Julia foi observar a gravura mais de perto. "Foi aqui que aquele bicho botou o focinho para fora", disse, chutando o lambri logo abaixo do quadro. "Que prédio é esse? Já vi em algum lugar."

"É uma igreja; quer dizer, era. Chamava-se São Clemente dos Dinamarqueses." Lembrou-se do pedaço da quadrinha que o sr. Charrington havia lhe ensinado e acrescentou, meio nostálgico: "Sem casca nem semente, dizem os sinos da São Clemente!".

Para sua perplexidade, Julia completou:

Esses vinténs são pra mim, cantam os sinos da São Martim,

E o culpado, quem é, afinal?, perguntam os sinos do Tribunal...

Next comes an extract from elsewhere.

(* Let $n_1,n_2,n_3\in\mathbb{N}$, let $\sigma$ be a segment label map on $G=\{1,\dots,n_1\}\times\{1,\dots,n_2\}\times\{1,\dots,n_3\}$, fix any decomposition of $T$ into blocks, let $\tau=\mathrm{LABEL}(\sigma,T)$ and let $\tau'$ be the output of the block-wise method. Then for all 1-cells $t_1\in T$: $\tau(t_1)=0\Leftrightarrow\tau'(t_1)=0$.
   Context: Voxel grid and segmentation: $G=\{1,\dots,n_1\}\times\{1,\dots,n_2\}\times\{1,\dots,n_3\}$; voxels $v,w$ are adjacent iff $\sum_i|v_i-w_i|=1$. A segment label map is $\sigma:G\to\mathbb{N}=\{1,2,\dots\}$ such that each level set $\sigma^{-1}(l)$ is connected w.r.t. this adjacency. Topological grid: $T=\{1,\dots,2n_1-1\}\times\{1,\dots,2n_2-1\}\times\{1,\dots,2n_3-1\}$; a cell with exactly $j$ odd coordinates is a $j$-cell. Voxel $r$ corresponds to the 3-cell $2r-1$. Two cells are 6-neighbors if they differ by $1$ in exactly one coordinate. For a $j$-cell $t$, $\Gamma(t)$ is the set of 6-neighbors of $t$ in $T$ that are $(j+1)$-cells. Cells $t_1,t_2$ are connected, $t_1\leftrightarrow t_2$, iff there is $t\in T$ with $t_1,t_2\in\Gamma(t)$. Procedure LABEL: for a voxel box $\prod_i\{a_i,\dots,b_i\}\subseteq G$ let $B=\prod_i\{2a_i-1,\dots,2b_i-1\}$ be its cell box. $\mathrm{LABEL}(\sigma,B)$ produces $\lambda:B\to\mathbb{N}_0$: (1) $\lambda(2r-1)=\sigma(r)$ for 3-cells. (2) For $j=2,1,0$ in this order: for each $j$-cell $t\in B$ let $\theta(t)$ be the set of positive integers occurring exactly once in $(\lambda(s))_{s\in\Gamma(t)}$; $t$ is active iff $\theta(t)\ne\emptyset$, inactive $j$-cells get label $0$; the active $j$-cells of $B$ are partitioned into maximal sets of cells with equal $\theta$ that are connected by $\leftrightarrow$-paths inside the set; these classes are numbered $1,\dots,m_j(B)$ arbitrarily and each active $j$-cell gets its class number. Reference labeling: $\tau=\mathrm{LABEL}(\sigma,T)$. Block-wise method: for each axis $i$ choose odd integers $1=a^i_0<\dots<a^i_{m_i}=2n_i-1$; blocks are the boxes $\prod_i\{a^i_{k_i-1},\dots,a^i_{k_i}\}$. Step 1: $\lambda_B=\mathrm{LABEL}(\sigma,B)$ for each block. Step 2: with blocks ordered $B_1,\dots,B_K$, add offset $\sum_{k'<k}m_j(B_{k'})$ to each positive $j$-cell label of $\lambda_{B_k}$ ($j\in\{0,1,2\}$). Step 3: for $j\in\{1,2\}$, via union–find, unite the labels received in different blocks by any active $j$-cell lying in several blocks, and replace every positive $j$-cell label by its set representative. Step 4: for each 0-cell $t_0$ and each pair of distinct 1-cell labels occurring exactly once among the current labels of $\Gamma(t_0)$, merge the two labels if the corresponding 1-cells bound the same set of current 2-cell labels; if any merge took place at $t_0$, recompute the activity of $t_0$ and set its label to $0$ if inactive. The result is $\tau':T\to\mathbb{N}_0$. *)

theory Defs
  imports Main
begin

"Não me lembro mais como continuava. Só sei que terminava assim: Vá para a cama e seja um bom moço, Ou vem a cuca e te corta o pescoço!".

Era como as duas partes de uma contrassenha. Mas devia haver outro verso depois de os sinos do Tribunal... Talvez desse para desencavá-lo da memória do sr. Charrington, se o provocasse com o estímulo adequado.

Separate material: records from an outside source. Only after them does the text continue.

theorem lemma6:
  fixes c1 c2 :: real and c :: nat
  assumes "c1 > 0" and "c2 > 0"
  shows "\<exists>C K \<gamma> :: real. C > 0 \<and> K > 0 \<and> \<gamma> > 0 \<and> (\<exists>N0::nat. \<forall>n \<ge> N0.
     \<forall>d b E (x0 :: nat \<Rightarrow> bool).
       clustered_regular n d b E \<and>
       real b / real d \<le> c1 * real n powr (-1/2) \<and>
       lambda_param n d b E \<le> c2 * real n powr (-1/4) \<and>
       (\<forall>i \<in> {1,2::nat}. \<bar>bias (cluster n i) x0\<bar> \<ge> real n - ln (real n))
     \<longrightarrow>
       measure_pmf.prob (two_choices_run n E (n ^ c) x0)
         {xs. \<forall>x \<in> set xs. \<forall>i \<in> {1,2::nat}.
                \<bar>bias (cluster n i) x\<bar> \<ge> real n - C * ln (real n) / ln (ln (real n)) \<and>
                sgn (bias (cluster n i) x) = sgn (bias (cluster n i) x0)}
       \<ge> 1 - K * real n powr (-\<gamma>))"
proof -
  define C where "C = 2 * ((2 * c1^2 + 2) + real c + 1)"
  have C0: "C > 0" unfolding C_def by (simp add: add_pos_nonneg)
  obtain N0 where N0: "\<And>n. n \<ge> N0 \<Longrightarrow> 2 \<le> n \<and> 1 < ln (real n) \<and> C \<le> ln (ln (real n)) \<and>
     ln (real n)^2 * (1 + c2^2 * sqrt (real n)) \<le> real n \<and> ln (real n) * c1 * real n powr (-1/2) \<le> 1"
    using eventually_two_choices_parameters[of C c2 c1] unfolding eventually_sequentially by blast
  show ?thesis
    by (rule exI[of _ C], rule exI[of _ 2], rule exI[of _ 1])
      (use C0 N0 prob_two_choices_run_near_consensus[OF _ _ _ _ _ _ _ _ _ C_def]
        in \<open>auto intro!: exI[of _ N0]\<close>)
qed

"Quem lhe ensinou isso?", perguntou Winston.

"Meu avô. Costumava cantar para mim quando eu era pequena. Foi pulverizado quando eu tinha oito anos... Enfim, desapareceu. Eu gostaria de saber o que era um limão", acrescentou, despreocupada. "Laranjas eu já vi. São uma espécie de fruta amarela e redonda, de casca grossa."

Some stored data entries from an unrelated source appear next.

text \<open>Splitting \<open>1 - q\<^sup>p\<^sup>+\<^sup>1 = (1 - q\<^sup>p\<^sup>+\<^sup>1\<^sup>-\<^sup>b) + q\<^sup>p\<^sup>+\<^sup>1\<^sup>-\<^sup>b (1 - q\<^sup>b)\<close> termwise gives a Pascal-type recurrence.\<close>
lemma sum_durfee_term_Suc:
  assumes nz: "\<And>k. qpoch q q k \<noteq> 0"
  shows "(1 - q ^ Suc p) * (\<Sum>b\<le>Suc p. durfee_term q (Suc p) n b)
         = (\<Sum>b\<le>p. durfee_term q p n b) + q ^ (n + p + 1) * (\<Sum>b\<le>p. durfee_term q p (n + 1) b)"
proof -
  have "(1 - q ^ Suc p) * durfee_term q (Suc p) n b
        = (1 - q ^ (Suc p - b)) * durfee_term q (Suc p) n b
          + q ^ (Suc p - b) * (1 - q ^ b) * durfee_term q (Suc p) n b" if "b \<le> Suc p" for b
  proof -
    have "q ^ (Suc p - b) * q ^ b = q ^ Suc p"
      using that by (simp add: power_add[symmetric])
    then show ?thesis
      by (simp add: algebra_simps)
  qed
  then have "(1 - q ^ Suc p) * (\<Sum>b\<le>Suc p. durfee_term q (Suc p) n b)
        = (\<Sum>b\<le>Suc p. (if b \<le> p then durfee_term q p n b else 0)
              + (if 1 \<le> b then q ^ (n + p + 1) * durfee_term q p (n + 1) (b - 1) else 0))"
    unfolding sum_distrib_left using durfee_term_Suc_p[OF nz] durfee_term_Suc_n[OF nz]
    by (intro sum.cong) auto
  also have "\<dots> = (\<Sum>b\<le>p. durfee_term q p n b) + q ^ (n + p + 1) * (\<Sum>b\<le>p. durfee_term q p (n + 1) b)"
  proof -
    have "(\<Sum>b\<le>Suc p. if b \<le> p then durfee_term q p n b else 0) = (\<Sum>b\<le>p. durfee_term q p n b)"
      by (simp add: sum.atMost_Suc)
    moreover have "(\<Sum>b\<le>Suc p. if 1 \<le> b then q ^ (n + p + 1) * durfee_term q p (n + 1) (b - 1) else 0)
                   = q ^ (n + p + 1) * (\<Sum>b\<le>p. durfee_term q p (n + 1) b)"
      by (simp only: sum.atMost_Suc_shift) (simp add: sum_distrib_left)
    ultimately show ?thesis
      by (simp add: sum.distrib)
  qed
  finally show ?thesis .
qed

lemma sum_durfee_finite:
  fixes q :: complex
  assumes nz: "\<And>k. qpoch q q k \<noteq> 0"
  shows "(\<Sum>b\<le>p. durfee_term q p n b) = 1 / (qpoch q q p * qpoch q q (p + n))"
proof (induction p arbitrary: n)
  case 0
  then show ?case
    by (simp add: durfee_term_def)
next
  case (Suc p)
  have "1 / (A * B) + \<gamma> / (A * (B * (1 - \<gamma>))) = 1 / (A * (B * (1 - \<gamma>)))"
    if "A \<noteq> 0" "B \<noteq> 0" "1 - \<gamma> \<noteq> 0" for A B \<gamma> :: complex
    using that by (simp add: field_simps)
  then have "1 / (qpoch q q p * qpoch q q (p + n)) + q ^ (n + p + 1) / (qpoch q q p * qpoch q q (p + (n + 1)))
             = 1 / (qpoch q q p * qpoch q q (Suc p + n))"
    using nz[of p] nz[of "p + n"] one_minus_power_nonzero[OF nz, of "p + n"]
    by (simp add: qpoch_q_Suc add.commute[of n p])
  then have "(1 - q ^ Suc p) * (\<Sum>b\<le>Suc p. durfee_term q (Suc p) n b) = 1 / (qpoch q q p * qpoch q q (Suc p + n))"
    unfolding sum_durfee_term_Suc[OF nz] Suc.IH by simp
  then have "(\<Sum>b\<le>Suc p. durfee_term q (Suc p) n b) = 1 / (qpoch q q p * qpoch q q (Suc p + n)) / (1 - q ^ Suc p)"
    using one_minus_power_nonzero[OF nz, of p] by (metis nonzero_mult_div_cancel_left)
  then show ?case
    by (simp add: qpoch_q_Suc mult_ac)
qed

lemma sum_qpoch_rectangle:
  fixes q :: complex
  assumes nz: "\<And>k. qpoch q q k \<noteq> 0"
  shows "(\<Sum>k\<le>min a b. q ^ ((a - k) * (b - k)) / (qpoch q q (a - k) * qpoch q q (b - k) * qpoch q q k))
         = 1 / (qpoch q q a * qpoch q q b)"
proof -
  have *: "(\<Sum>k\<le>b. q ^ ((a - k) * (b - k)) / (qpoch q q (a - k) * qpoch q q (b - k) * qpoch q q k))
           = 1 / (qpoch q q a * qpoch q q b)" if "b \<le> a" for a b
  proof -
    obtain n where a: "a = b + n"
      using \<open>b \<le> a\<close> le_Suc_ex by blast
    have "(\<Sum>k\<le>b. q ^ ((a - k) * (b - k)) / (qpoch q q (a - k) * qpoch q q (b - k) * qpoch q q k))
          = (\<Sum>j\<le>b. durfee_term q b n j)"
      by (rule sum.reindex_bij_witness[where i="\<lambda>j. b - j" and j="\<lambda>k. b - k"])
         (auto simp: a durfee_term_def mult_ac)
    also have "\<dots> = 1 / (qpoch q q a * qpoch q q b)"
      unfolding sum_durfee_finite[OF nz] a by (simp add: mult_ac)
    finally show ?thesis .
  qed
  show ?thesis
  proof (cases "b \<le> a")
    case False
    then have "min a b = a" "a \<le> b"
      by simp_all
    then show ?thesis
      using *[of a b] by (simp add: mult.commute)
  qed (simp add: *)
qed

"Me lembro dos limões", disse Winston. "Eram muito comuns nos anos 1950. Tão azedos que só de sentir o cheiro a pessoa ficava arrepiada."

"Aposto que está cheio de percevejos atrás desse quadro", disse Julia. "Vou tirá-lo daqui e dar uma boa limpada nele um dia desses. Acho que deve estar na hora de irmos embora. Preciso tirar a maquiagem. Que droga! Depois eu limpo o batom do seu rosto."

Winston permaneceu mais alguns minutos deitado. O quarto estava escurecendo. Virou-se para a luz e ficou admirando o peso de papéis de vidro. A fonte inesgotável de interesse não era o fragmento de coral, mas o próprio interior do vidro. Havia tamanha profundidade ali, e no entanto o vidro era quase tão transparente quanto o ar. Era como se a superfície do vidro fosse o arco do céu, encerrando um mundo minúsculo em sua atmosfera completa. Winston tinha a sensação de que seria capaz de entrar ali e de que na verdade estava ali dentro, ele, a cama de mogno, a mesinha de abas dobráveis, o relógio, a gravura de aço e o próprio peso de papéis. O peso de papéis era o quarto onde ele estava, e o coral era a vida dele e a de Julia, fixadas numa espécie de eternidade no coração do cristal.